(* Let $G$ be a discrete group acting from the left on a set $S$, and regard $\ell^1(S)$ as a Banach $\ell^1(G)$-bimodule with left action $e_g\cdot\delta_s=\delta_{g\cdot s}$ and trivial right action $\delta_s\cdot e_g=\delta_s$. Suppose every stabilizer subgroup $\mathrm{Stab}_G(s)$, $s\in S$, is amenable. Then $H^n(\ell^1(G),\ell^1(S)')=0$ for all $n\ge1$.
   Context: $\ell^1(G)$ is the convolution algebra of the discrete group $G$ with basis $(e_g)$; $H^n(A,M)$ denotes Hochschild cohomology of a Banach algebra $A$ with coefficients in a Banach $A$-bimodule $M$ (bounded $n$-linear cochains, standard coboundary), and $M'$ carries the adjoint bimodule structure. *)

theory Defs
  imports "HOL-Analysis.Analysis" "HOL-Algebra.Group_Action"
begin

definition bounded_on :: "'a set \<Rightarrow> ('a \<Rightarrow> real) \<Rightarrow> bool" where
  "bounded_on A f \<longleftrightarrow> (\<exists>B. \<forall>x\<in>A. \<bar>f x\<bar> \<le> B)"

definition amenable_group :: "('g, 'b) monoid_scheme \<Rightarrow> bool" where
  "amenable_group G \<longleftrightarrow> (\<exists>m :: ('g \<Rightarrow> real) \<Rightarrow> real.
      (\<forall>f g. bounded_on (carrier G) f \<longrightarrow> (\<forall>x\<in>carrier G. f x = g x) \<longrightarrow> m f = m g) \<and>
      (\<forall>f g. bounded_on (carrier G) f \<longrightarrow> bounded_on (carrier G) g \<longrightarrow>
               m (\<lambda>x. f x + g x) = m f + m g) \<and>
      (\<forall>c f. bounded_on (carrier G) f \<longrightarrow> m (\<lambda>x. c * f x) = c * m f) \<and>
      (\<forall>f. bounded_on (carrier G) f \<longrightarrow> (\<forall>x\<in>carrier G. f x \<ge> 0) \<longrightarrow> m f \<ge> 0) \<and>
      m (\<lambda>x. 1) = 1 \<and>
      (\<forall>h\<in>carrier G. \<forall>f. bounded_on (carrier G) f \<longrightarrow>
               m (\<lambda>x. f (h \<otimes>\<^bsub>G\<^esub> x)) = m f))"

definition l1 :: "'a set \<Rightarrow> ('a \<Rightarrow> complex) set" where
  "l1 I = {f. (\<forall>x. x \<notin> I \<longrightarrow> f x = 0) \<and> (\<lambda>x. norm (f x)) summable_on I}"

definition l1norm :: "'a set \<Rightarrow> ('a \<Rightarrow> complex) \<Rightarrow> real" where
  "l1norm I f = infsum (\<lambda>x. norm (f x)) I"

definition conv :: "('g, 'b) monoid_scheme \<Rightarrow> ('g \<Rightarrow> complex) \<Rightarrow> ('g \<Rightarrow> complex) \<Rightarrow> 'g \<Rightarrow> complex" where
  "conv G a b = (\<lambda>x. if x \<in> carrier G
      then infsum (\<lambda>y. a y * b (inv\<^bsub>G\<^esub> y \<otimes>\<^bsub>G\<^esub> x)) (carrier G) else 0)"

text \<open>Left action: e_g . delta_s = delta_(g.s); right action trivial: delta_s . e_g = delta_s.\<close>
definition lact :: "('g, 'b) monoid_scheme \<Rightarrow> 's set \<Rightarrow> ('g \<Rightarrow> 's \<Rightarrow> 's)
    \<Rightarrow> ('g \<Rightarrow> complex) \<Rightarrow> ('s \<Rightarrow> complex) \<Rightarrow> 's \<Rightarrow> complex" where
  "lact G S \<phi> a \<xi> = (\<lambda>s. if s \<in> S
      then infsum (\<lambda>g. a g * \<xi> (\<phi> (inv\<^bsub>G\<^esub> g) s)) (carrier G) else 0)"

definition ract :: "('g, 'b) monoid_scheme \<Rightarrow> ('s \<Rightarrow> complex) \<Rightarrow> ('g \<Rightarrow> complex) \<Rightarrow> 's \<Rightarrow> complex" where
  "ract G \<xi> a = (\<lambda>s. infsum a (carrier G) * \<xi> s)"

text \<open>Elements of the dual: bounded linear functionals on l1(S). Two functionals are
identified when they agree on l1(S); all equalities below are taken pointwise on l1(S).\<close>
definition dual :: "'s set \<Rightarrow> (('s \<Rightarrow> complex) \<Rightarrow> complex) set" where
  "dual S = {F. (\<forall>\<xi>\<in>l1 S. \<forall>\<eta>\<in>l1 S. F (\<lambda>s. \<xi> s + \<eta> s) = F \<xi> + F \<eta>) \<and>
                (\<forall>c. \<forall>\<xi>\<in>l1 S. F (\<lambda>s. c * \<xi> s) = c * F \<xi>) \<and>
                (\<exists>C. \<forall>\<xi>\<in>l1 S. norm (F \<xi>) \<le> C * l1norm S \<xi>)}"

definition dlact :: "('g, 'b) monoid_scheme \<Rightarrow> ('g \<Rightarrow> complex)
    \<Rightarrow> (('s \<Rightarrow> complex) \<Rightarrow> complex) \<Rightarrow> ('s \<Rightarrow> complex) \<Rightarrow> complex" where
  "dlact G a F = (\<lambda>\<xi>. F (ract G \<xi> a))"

==*==

--- Your task ---
Your answer must be the full listing above, printed exactly as it stands.

--- Task answer ---
(* Let $G$ be a discrete group acting from the left on a set $S$, and regard $\ell^1(S)$ as a Banach $\ell^1(G)$-bimodule with left action $e_g\cdot\delta_s=\delta_{g\cdot s}$ and trivial right action $\delta_s\cdot e_g=\delta_s$. Suppose every stabilizer subgroup $\mathrm{Stab}_G(s)$, $s\in S$, is amenable. Then $H^n(\ell^1(G),\ell^1(S)')=0$ for all $n\ge1$.
   Context: $\ell^1(G)$ is the convolution algebra of the discrete group $G$ with basis $(e_g)$; $H^n(A,M)$ denotes Hochschild cohomology of a Banach algebra $A$ with coefficients in a Banach $A$-bimodule $M$ (bounded $n$-linear cochains, standard coboundary), and $M'$ carries the adjoint bimodule structure. *)

theory Defs
  imports "HOL-Analysis.Analysis" "HOL-Algebra.Group_Action"
begin

definition bounded_on :: "'a set \<Rightarrow> ('a \<Rightarrow> real) \<Rightarrow> bool" where
  "bounded_on A f \<longleftrightarrow> (\<exists>B. \<forall>x\<in>A. \<bar>f x\<bar> \<le> B)"

definition amenable_group :: "('g, 'b) monoid_scheme \<Rightarrow> bool" where
  "amenable_group G \<longleftrightarrow> (\<exists>m :: ('g \<Rightarrow> real) \<Rightarrow> real.
      (\<forall>f g. bounded_on (carrier G) f \<longrightarrow> (\<forall>x\<in>carrier G. f x = g x) \<longrightarrow> m f = m g) \<and>
      (\<forall>f g. bounded_on (carrier G) f \<longrightarrow> bounded_on (carrier G) g \<longrightarrow>
               m (\<lambda>x. f x + g x) = m f + m g) \<and>
      (\<forall>c f. bounded_on (carrier G) f \<longrightarrow> m (\<lambda>x. c * f x) = c * m f) \<and>
      (\<forall>f. bounded_on (carrier G) f \<longrightarrow> (\<forall>x\<in>carrier G. f x \<ge> 0) \<longrightarrow> m f \<ge> 0) \<and>
      m (\<lambda>x. 1) = 1 \<and>
      (\<forall>h\<in>carrier G. \<forall>f. bounded_on (carrier G) f \<longrightarrow>
               m (\<lambda>x. f (h \<otimes>\<^bsub>G\<^esub> x)) = m f))"

definition l1 :: "'a set \<Rightarrow> ('a \<Rightarrow> complex) set" where
  "l1 I = {f. (\<forall>x. x \<notin> I \<longrightarrow> f x = 0) \<and> (\<lambda>x. norm (f x)) summable_on I}"

definition l1norm :: "'a set \<Rightarrow> ('a \<Rightarrow> complex) \<Rightarrow> real" where
  "l1norm I f = infsum (\<lambda>x. norm (f x)) I"

definition conv :: "('g, 'b) monoid_scheme \<Rightarrow> ('g \<Rightarrow> complex) \<Rightarrow> ('g \<Rightarrow> complex) \<Rightarrow> 'g \<Rightarrow> complex" where
  "conv G a b = (\<lambda>x. if x \<in> carrier G
      then infsum (\<lambda>y. a y * b (inv\<^bsub>G\<^esub> y \<otimes>\<^bsub>G\<^esub> x)) (carrier G) else 0)"

text \<open>Left action: e_g . delta_s = delta_(g.s); right action trivial: delta_s . e_g = delta_s.\<close>
definition lact :: "('g, 'b) monoid_scheme \<Rightarrow> 's set \<Rightarrow> ('g \<Rightarrow> 's \<Rightarrow> 's)
    \<Rightarrow> ('g \<Rightarrow> complex) \<Rightarrow> ('s \<Rightarrow> complex) \<Rightarrow> 's \<Rightarrow> complex" where
  "lact G S \<phi> a \<xi> = (\<lambda>s. if s \<in> S
      then infsum (\<lambda>g. a g * \<xi> (\<phi> (inv\<^bsub>G\<^esub> g) s)) (carrier G) else 0)"

definition ract :: "('g, 'b) monoid_scheme \<Rightarrow> ('s \<Rightarrow> complex) \<Rightarrow> ('g \<Rightarrow> complex) \<Rightarrow> 's \<Rightarrow> complex" where
  "ract G \<xi> a = (\<lambda>s. infsum a (carrier G) * \<xi> s)"

text \<open>Elements of the dual: bounded linear functionals on l1(S). Two functionals are
identified when they agree on l1(S); all equalities below are taken pointwise on l1(S).\<close>
definition dual :: "'s set \<Rightarrow> (('s \<Rightarrow> complex) \<Rightarrow> complex) set" where
  "dual S = {F. (\<forall>\<xi>\<in>l1 S. \<forall>\<eta>\<in>l1 S. F (\<lambda>s. \<xi> s + \<eta> s) = F \<xi> + F \<eta>) \<and>
                (\<forall>c. \<forall>\<xi>\<in>l1 S. F (\<lambda>s. c * \<xi> s) = c * F \<xi>) \<and>
                (\<exists>C. \<forall>\<xi>\<in>l1 S. norm (F \<xi>) \<le> C * l1norm S \<xi>)}"

definition dlact :: "('g, 'b) monoid_scheme \<Rightarrow> ('g \<Rightarrow> complex)
    \<Rightarrow> (('s \<Rightarrow> complex) \<Rightarrow> complex) \<Rightarrow> ('s \<Rightarrow> complex) \<Rightarrow> complex" where
  "dlact G a F = (\<lambda>\<xi>. F (ract G \<xi> a))"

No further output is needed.